What is being asked: Will you quote precisely the lines that run from the top of the material below to the line containing "Wb \<longleftrightarrow> a", both ends included?

───── Extracted material ─────

lemma logic_frame_image:
  assumes f: "inj_on f W" and "logic_frame L W Wb R S"
  shows "logic_frame L (f ` W) (f ` Wb) (rel_image f W R) (rel_image f W S)"
proof -
  have Wb: "Wb \<subseteq> W"
    using logic_frame_bi_frame[OF assms(2)] unfolding bi_frame_def by blast
  have mem: "f a \<in> f ` Wb \<longleftrightarrow> a \<in> Wb" if "a \<in> W" for a
    using inj_on_image_mem_iff[OF f that Wb] .
  have "preorder_on (f ` W) (rel_image f W Q) \<longleftrightarrow> preorder_on W Q" for Q
    unfolding preorder_on_def by (simp add: ball_image_iff rel_image_apply[OF f] cong: ball_cong)
  moreover have "up_closed (f ` W) (rel_image f W Q) (f ` Wb) \<longleftrightarrow> up_closed W Q Wb" for Q
    unfolding up_closed_def using Wb mem
    by (auto simp: ball_image_iff rel_image_apply[OF f])
  ultimately have "bi_frame (f ` W) (f ` Wb) (rel_image f W R) (rel_image f W S)"
    using logic_frame_bi_frame[OF assms(2)] Wb unfolding bi_frame_def by (simp add: image_mono)
  moreover have "forward_confluent (f ` W) (rel_image f W R) (rel_image f W S) \<longleftrightarrow>
      forward_confluent W R S"
    "backward_confluent (f ` W) (rel_image f W R) (rel_image f W S) \<longleftrightarrow> backward_confluent W R S"
    "downward_confluent (f ` W) (rel_image f W R) (rel_image f W S) \<longleftrightarrow> downward_confluent W R S"
    "locally_linear (f ` W) (rel_image f W R) \<longleftrightarrow> locally_linear W R"
    unfolding forward_confluent_def backward_confluent_def downward_confluent_def locally_linear_def
    by (simp_all add: ball_image_iff bex_image_iff rel_image_apply[OF f] cong: ball_cong bex_cong)
  ultimately show ?thesis
    using assms(2) by (cases L) simp_all
qed

lemma valuation_image:
  assumes f: "inj_on f W" and "valuation W Wb R V"
  shows "valuation (f ` W) (f ` Wb) (rel_image f W R) (\<lambda>p. f ` V p)"
proof (unfold valuation_def, intro allI conjI)
  fix p
  have V: "V p \<subseteq> W" "up_closed W R (V p)" "Wb \<subseteq> V p"
    using assms(2) unfolding valuation_def by blast+
  then show "f ` V p \<subseteq> f ` W" "f ` Wb \<subseteq> f ` V p"
    by (simp_all add: image_mono)
  show "up_closed (f ` W) (rel_image f W R) (f ` V p)"
    unfolding up_closed_def ball_image_iff
  proof (intro ballI impI)
    fix a b assume "a \<in> V p" "b \<in> W" "rel_image f W R (f a) (f b)"
    then show "f b \<in> f ` V p"
      using V(1,2) rel_image_apply[OF f] unfolding up_closed_def by blast
  qed
qed

lemma valid_in_inj_on:
  fixes f :: "'a \<Rightarrow> 'b"
  assumes "valid_in TYPE('b) L \<phi>" "inj_on f W" "logic_frame L W Wb R S" "valuation W Wb R V"
  shows "model_valid W Wb R S V \<phi>"
proof (unfold model_valid_def, intro ballI)
  fix w assume w: "w \<in> W - Wb"
  have Wb: "Wb \<subseteq> W" and V: "\<And>p. V p \<subseteq> W"
    using logic_frame_bi_frame[OF assms(3)] assms(4) unfolding bi_frame_def valuation_def by blast+
  have "model_valid (f ` W) (f ` Wb) (rel_image f W R) (rel_image f W S) (\<lambda>p. f ` V p) \<phi>"
    using assms(1) logic_frame_image[OF assms(2,3)] valuation_image[OF assms(2,4)]
    unfolding valid_in_def by blast
  moreover have "f w \<in> f ` W - f ` Wb"
    using w inj_on_image_mem_iff[OF assms(2) _ Wb] by blast
  ultimately show "sat W Wb R S V w \<phi>"
    using sat_image[where V = V, OF assms(2) Wb V] w unfolding model_valid_def by blast
qed

definition cs4_world_code :: "form set \<times> form option \<Rightarrow> form set" where
  "cs4_world_code w = Box ` fst w \<union> Dia ` set_option (snd w)"

lemma inj_cs4_world_code: "inj cs4_world_code"
proof (rule injI)
  fix w v assume eq: "cs4_world_code w = cs4_world_code v"
  have "fst u = {a. Box a \<in> cs4_world_code u}" "set_option (snd u) = {a. Dia a \<in> cs4_world_code u}"
    for u
    by (auto simp: cs4_world_code_def)
  then have "fst w = fst v" "set_option (snd w) = set_option (snd v)"
    using eq by metis+
  then show "w = v"
    by (cases "snd w"; cases "snd v") (auto simp: prod_eq_iff)
qed

theorem completeness:
  assumes "valid_in TYPE(form set set) L \<phi>"
  shows "prov L \<phi>"
proof (rule ccontr)
  assume unprovable: "\<not> prov L \<phi>"
  show False
  proof (cases "L = CS4")
    case True
    have "inj_on (\<lambda>w. {cs4_world_code w}) (cs4_worlds CS4)"
      unfolding inj_on_def using injD[OF inj_cs4_world_code] by blast
    then show False
      using cs4_countermodel unprovable valid_in_inj_on assms True by blast
  next
    case False
    have "inj_on (\<lambda>\<Gamma>. {\<Gamma>}) (consistent_prime_theories L)"
      by (simp add: inj_on_def)
    then show False
      using dp_countermodel[OF False unprovable] valid_in_inj_on assms by blast
  qed
qed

─────

Answer:
lemma logic_frame_image:
  assumes f: "inj_on f W" and "logic_frame L W Wb R S"
  shows "logic_frame L (f ` W) (f ` Wb) (rel_image f W R) (rel_image f W S)"
proof -
  have Wb: "Wb \<subseteq> W"
    using logic_frame_bi_frame[OF assms(2)] unfolding bi_frame_def by blast
  have mem: "f a \<in> f ` Wb \<longleftrightarrow> a \<in> Wb" if "a \<in> W" for a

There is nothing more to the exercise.